В наши дни аббатство, построенное в романском стиле, является частью мирового наследия ЮНЕСКО, как и весь Путь Святого Иакова, и встречает малочисленный, но постоянный поток посетителей. Эти несколько человек кажутся букашками среди огромных поперечных нефов церкви XI века, рассчитанной на толпы прихожан. Тем не менее на извилистых тропках Аверона довольно часто встречаются современные пилигримы, которых можно узнать по изношенной одежде, дорожным посохам и тяжелым рюкзакам. Они останавливаются на ночь за небольшую мзду в домах или хостелах, отмеченных изображением раковины морского гребешка, едят алиго и разговаривают с местными жителями, которые относятся к ним с добротой, граничащей с опекой. И затем, укрепленные телом, они продолжают свой путь: некоторые проходят лишь часть Пути, другие отваживаются на продолжительное путешествие: до Сантьяго-де-Компостелла отсюда чуть меньше 1200 км.

Собираясь в Аверон, я паковала чемоданы и размышляла о том, что мы с Кельвином – тоже пилигримы, только в другом, глобальном смысле: чужие в чужой стране, с дарами, которые я надеялась употребить в процессе приготовления ужина: сладкий картофель, свежая клюква, консервированная тыква. А если мы – это пилигримы, то получается, что Дидье, Ален и другие наши аверонские друзья – это индейцы, местные жители, которые соберутся, чтобы отметить вместе с нами День благодарения (но мы не будем давать им одеяла с оспой[356]).

Мы приехали в Аверон поздно вечером, сев после работы на поезд до Клермон-Ферран, где Дидье встретил нас на машине (предстояло еще два часа езды на юг). Быть пассажиром Дидье означает быть пристегнутым против своей воли к спортивным саням, которые несутся с горы полным ходом. В его доме я еле доползла до постели, чувствуя, что вот-вот отдам концы. Но глубокая деревенская тишина убаюкала меня, и я проснулась ранним утром свежая как огурчик, сразу же услышав мычание коров, жужжание мух за окном и бодрый топоток Апаш, жесткошерстной таксы жены Дидье, Шанталь.

«Куда мы собираемся?» – шепотом спросила я Кельвина, когда все собрались в гостиной. Дидье открывал и закрывал все шкафчики подряд, пытаясь обнаружить поводок Апаш.

Он пожал плечами. Когда мы находились в обществе Дидье, он складывал с себя бразды правления. Мы много ездили по округе в машине Дидье, останавливаясь в причудливых деревеньках, пили кофе в кофейне или местном баре, затем вновь забирались в машину. Я понятия не имела, где мы останавливаемся, или зачем – состояние прострации, в котором я винила свою неспособность говорить по-французски, пока не осознала, что никто не знал, каков план, и даже сам Дидье.

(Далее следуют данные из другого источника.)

(* In the $\ell^1$ linear social choice setting, the pure stable lottery rule $f_{\mathrm{PSLR}}$ has worst-case distortion $\mathrm{D}(f_{\mathrm{PSLR}})=O(d)$.
   Context: Setting ($\ell^1$ linear social choice). Fix a dimension $d\ge 1$ and let $\Delta_d=\{x\in\mathbb{R}^d_{\ge 0}:\sum_i x^i=1\}$. An instance consists of a finite set $V$ of $n$ voters and a finite set $C$ of $m$ candidates, each a vector in $\Delta_d$, with every voter vector in $\mathrm{Cone}(C)$ (nonnegative linear combinations of candidate vectors). Utility: $u_v(c)=v^\top c$. Each voter reports a ranking of $C$ consistent with its utilities (ties broken arbitrarily); $\sigma$ is the profile. $\mathrm{UW}(c)=\sum_{v\in V}u_v(c)$. A randomized voting rule outputs a distribution over $C$ based only on the profile (neither voter nor candidate vectors are seen). Distortion on an instance: $\max_c\mathrm{UW}(c)/\mathbb{E}_{c\sim f}[\mathrm{UW}(c)]$; $\mathrm{D}(f)$ is the supremum over all instances, as a function of $d$. Stable lottery: for a committee $W\subseteq C$ and $c\in C$, $S_c(W)$ is the set of voters ranking $c$ above every member of $W$; a distribution $\mathcal W$ over committees of size $k$ is a stable lottery if $\mathbb{E}_{W\sim\mathcal W}[|S_c(W)|]\le n/k$ for all $c\in C$ (such lotteries exist for every profile). Pure stable lottery rule $f_{\mathrm{PSLR}}$: given a stable lottery $\mathcal W$ over committees of size $2d$, choose each $c\in C$ with probability $\frac{1}{2d}\Pr_{W\sim\mathcal W}[c\in W]$. *)

theory Defs
  imports "HOL-Probability.Probability_Mass_Function"
begin

(* Vectors in R^d are modelled as functions nat => real; only indices i < d matter. *)

definition in_simplex :: "nat \<Rightarrow> (nat \<Rightarrow> real) \<Rightarrow> bool" where
  "in_simplex d x \<longleftrightarrow> (\<forall>i<d. x i \<ge> 0) \<and> (\<Sum>i<d. x i) = 1"

definition inner_d :: "nat \<Rightarrow> (nat \<Rightarrow> real) \<Rightarrow> (nat \<Rightarrow> real) \<Rightarrow> real" where
  "inner_d d x y = (\<Sum>i<d. x i * y i)"

definition in_cone :: "nat \<Rightarrow> nat set \<Rightarrow> (nat \<Rightarrow> nat \<Rightarrow> real) \<Rightarrow> (nat \<Rightarrow> real) \<Rightarrow> bool" where
  "in_cone d C cv x \<longleftrightarrow>
     (\<exists>lam :: nat \<Rightarrow> real. (\<forall>c\<in>C. lam c \<ge> 0) \<and> (\<forall>i<d. x i = (\<Sum>c\<in>C. lam c * cv c i)))"

definition l1_instance :: "nat \<Rightarrow> nat set \<Rightarrow> nat set \<Rightarrow> (nat \<Rightarrow> nat \<Rightarrow> real)
     \<Rightarrow> (nat \<Rightarrow> nat \<Rightarrow> real) \<Rightarrow> bool" where
  "l1_instance d V C vv cv \<longleftrightarrow> finite V \<and> finite C \<and>
     (\<forall>v\<in>V. in_simplex d (vv v)) \<and> (\<forall>c\<in>C. in_simplex d (cv c)) \<and>
     (\<forall>v\<in>V. in_cone d C cv (vv v))"

definition utility :: "nat \<Rightarrow> (nat \<Rightarrow> nat \<Rightarrow> real) \<Rightarrow> (nat \<Rightarrow> nat \<Rightarrow> real) \<Rightarrow> nat \<Rightarrow> nat \<Rightarrow> real" where
  "utility d vv cv v c = inner_d d (vv v) (cv c)"

definition UW :: "nat \<Rightarrow> nat set \<Rightarrow> (nat \<Rightarrow> nat \<Rightarrow> real) \<Rightarrow> (nat \<Rightarrow> nat \<Rightarrow> real) \<Rightarrow> nat \<Rightarrow> real" where
  "UW d V vv cv c = (\<Sum>v\<in>V. utility d vv cv v c)"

«Voila!» – С эффектным грохотом Дидье вытащил поводок из ящика с какой-то дребеденью. Апаш усек намек и ринулся к двери. Мы последовали за ними к машине, пристегнулись и в течение нескольких ужасных минут неслись сквозь пространство, после чего оказались в соседнем городке Эспальоне. Мы вошли в кафе, следуя за Дидье по пятам. Посетители приветствовали его рукопожатием или des bises – и доброжелательно-выжидающе повернулись в нашу сторону, явно любопытствуя о том, кто такие эти иностранные друзья Дидье. Мы пробрались в уединенный угол, где Дидье заказал cafe? serre? – кофе, сжатый до гиперкофеиновой вязкости – и бутерброд, который он тут же скормил Апашу. Собака запрыгнула к нему на колени, чтобы не упустить ни крошки. Затем объявился друг Дидье – Жером. Затем его брат Ален. И еще друзья – Жан-Луи и Мишель. Эта компания собиралась в кафе почти каждое утро, чтобы выпить несколько чашек ристретто и попинать баклуши – своеобразный клуб по интересам.

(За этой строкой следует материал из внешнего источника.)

(* Let $X\sim P_X$, teacher partition $(\Omega_k^\star)$ with experts $f_k^\star$, $\mu=\sum_k\mathbf{1}_{\Omega_k^\star}f_k^\star$, $|\mu(X)|\le B$ a.s., $Y=\mu(X)+\xi$ with $\mathbb{E}[\xi\mid X]=0$, $\mathbb{E}\xi^2<\infty$. Let student experts satisfy $\sup_{k,x}|f_k(x;\theta_k)|\le B_{\mathrm{stu}}$ for all parameters considered. Assume there are $\gamma_{\mathrm{gap}}>0$, $\eta_{\mathrm{gap}}\in[0,1)$ such that for every $\theta$ considered there is a permutation $\pi$ with $P_X(\{x\in\Omega_k^\star:(f_j(x;\theta_j)-f_k^\star(x))^2\le\gamma_{\mathrm{gap}}\})\le\eta_{\mathrm{gap}}$ for all $k$ and $j\ne\pi(k)$ (such $\pi$ is an admissible matching for $\theta$). Fix $\varepsilon\in(0,1/2)$ with $2\varepsilon B_{\mathrm{stu}}\le\frac12\sqrt{\gamma_{\mathrm{gap}}}$. Then for all $(\theta,\phi)$, all $\tau>0$ and every admissible matching $\pi$ for $\theta$, \[\mathbb{E}\big[(\mu(X)-h_{\theta,\phi,\tau}(X))^2\mathbf{1}_{\{X\in\mathcal{G}_\varepsilon(\tau;\phi)\}}\big]\ge\frac{\gamma_{\mathrm{gap}}}{4}\max\{P_X(\mathcal{E}_{\mathrm{mis}}(\pi;\theta,\phi,\tau))-K(K-1)\eta_{\mathrm{gap}},0\}.\] Consequently, if $\widetilde L_\tau(\theta,\phi)\le R$ then $P_X(\mathcal{E}_{\mathrm{mis}}(\pi;\theta,\phi,\tau))\le\frac{4R}{\gamma_{\mathrm{gap}}}+K(K-1)\eta_{\mathrm{gap}}$.
   Context: $p_k^{(\tau)}(x;\phi)=e^{a_k(x;\phi)/\tau}/\sum_je^{a_j(x;\phi)/\tau}$; $h_{\theta,\phi,\tau}=\sum_kp_k^{(\tau)}f_k(\cdot;\theta_k)$; $\widetilde L_\tau(\theta,\phi)=\mathbb{E}[(\mu(X)-h_{\theta,\phi,\tau}(X))^2]$; $\mathcal{G}_\varepsilon(\tau;\phi)=\{x:\max_kp_k^{(\tau)}(x;\phi)>1-\varepsilon\}$; $\mathcal{E}_{\mathrm{mis}}(\pi;\theta,\phi,\tau)=\{x\in\mathcal{X}:x\in\Omega_k^\star\text{ and }p_j^{(\tau)}(x;\phi)\ge1-\varepsilon\text{ for some }k\text{ and some }j\ne\pi(k)\}\cap\mathcal{G}_\varepsilon(\tau;\phi)$. *)

theory Defs
  imports "HOL-Probability.Probability"
begin

definition teacher_mu :: "nat \<Rightarrow> (nat \<Rightarrow> 'x set) \<Rightarrow> (nat \<Rightarrow> 'x \<Rightarrow> real) \<Rightarrow> 'x \<Rightarrow> real" where
  "teacher_mu K Omega fstar x = (\<Sum>k<K. indicator (Omega k) x * fstar k x)"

В течение минуты все присутствующие говорили одновременно, умудряясь при этом пить кофе. Затем они резко встали, вытаскивая из карманов мелочь. Мы вновь пристегнули ремни в бобслее Дидье и усвистали прочь. С заднего сиденья я наблюдала за горизонтом и проносящимися мимо стадами коров цвета карамели и редкими коренастыми быками, крупными ширококостными тонконогими существами, до боли напоминающими Дидье.

Ландшафт был необычайно пустынным для Франции, одинокие прерии, ограниченные горным плато Центрального массива: здесь было больше коров, чем людей.

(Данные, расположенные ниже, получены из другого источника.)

(* Let $\delta_0=(\mathbf a_1,\mathbf a_2,\mathbf a_3)$ be an m-triangle of maximal area among m-triangles with the same moment of inertia, and let $\delta_1,\delta_2$ be degenerate (collinear) but nonzero m-triangles satisfying $\delta_0\times\delta_1=\delta_0\times\delta_2=0$. Then the angle $\psi$ between the lines spanned by $\delta_1$ and $\delta_2$ equals the distance between their shapes $\delta_1^\ast,\delta_2^\ast$ in the shape space $M^\ast\simeq S^2(1/2)$, namely $\psi=\frac12|\theta_2-\theta_1|$, where $\theta_i$ is the longitude of $\delta_i^\ast$ on the equator.
   Context: Masses $m_1,m_2,m_3>0$, $m_1+m_2+m_3=1$; an m-triangle is $(\mathbf a_1,\mathbf a_2,\mathbf a_3)$, $\mathbf a_i\in\mathbb R^3$, $\sum m_i\mathbf a_i=0$, with moment of inertia $I=\sum m_i|\mathbf a_i|^2$. For m-triangles $\mathbf X=(\mathbf a_i)$, $\mathbf Y=(\mathbf b_i)$, $\mathbf X\times\mathbf Y=\sum m_i\mathbf a_i\times\mathbf b_i$ (this vanishing is the zero angular momentum condition for the linear motion from $\mathbf X$ to $\mathbf Y$). The shape space $M^\ast$ consists of oriented m-triangles with $I=1$ modulo rotation; with the kinematic metric (induced from $\sum m_i|d\mathbf a_i|^2$ by zero angular momentum lifts) it is a round sphere of radius $1/2$ whose equator is the set of collinear shapes; $\theta$ is the longitude on it, and the spherical metric is $\frac14(d\varphi^2+\sin^2\varphi\,d\theta^2)$. The shape of a nonzero m-triangle is the shape of its rescaling to $I=1$. *)

theory Defs
  imports "HOL-Analysis.Analysis" "HOL-Analysis.Cross3"
begin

Для многих поколений аверонцев это место было отправной точкой, покинутой в поиске лучшей жизни.

Именно усилиями аверонцев, создавших сеть кафе, Париж приобрел свой сегодняшний облик.

По крайней мере я уже не могла бы представить город без их оцинкованных барных стоек и меню, написанных мелком на грифельной доске, венских стульев и мраморных столешниц, миниатюрных кофейных чашек с завернутым в бумагу кубиком сахара и такими названиями, как La Butte Aveyronnaise, Le Charbonnier, L’Auvergnate. Невозможно пройти мимо и не представить ностальгирующего по дому аверонца, благодаря которому появилось это место. Несомненно, Аверон оказал влияние на Париж. Но и Париж, как я начала понимать, повлиял на Аверон: появились большие новые коттеджи, построенные вернувшимися сыновьями и дочерями; укрепились узы дружбы, зародившейся благодаря упорной работе плечо к плечу в парижских кафе; возникли новые традиции, определяющие жизнь сиблингов: старший оставался вести дела на ферме, младший отправлялся в Париж управлять кафе. Эта земля стала источником ностальгических воспоминаний о широких пастбищах, стадах бредущих коров и виноградной лозе, взбирающейся по склонам холмов под щедрыми лучами солнца.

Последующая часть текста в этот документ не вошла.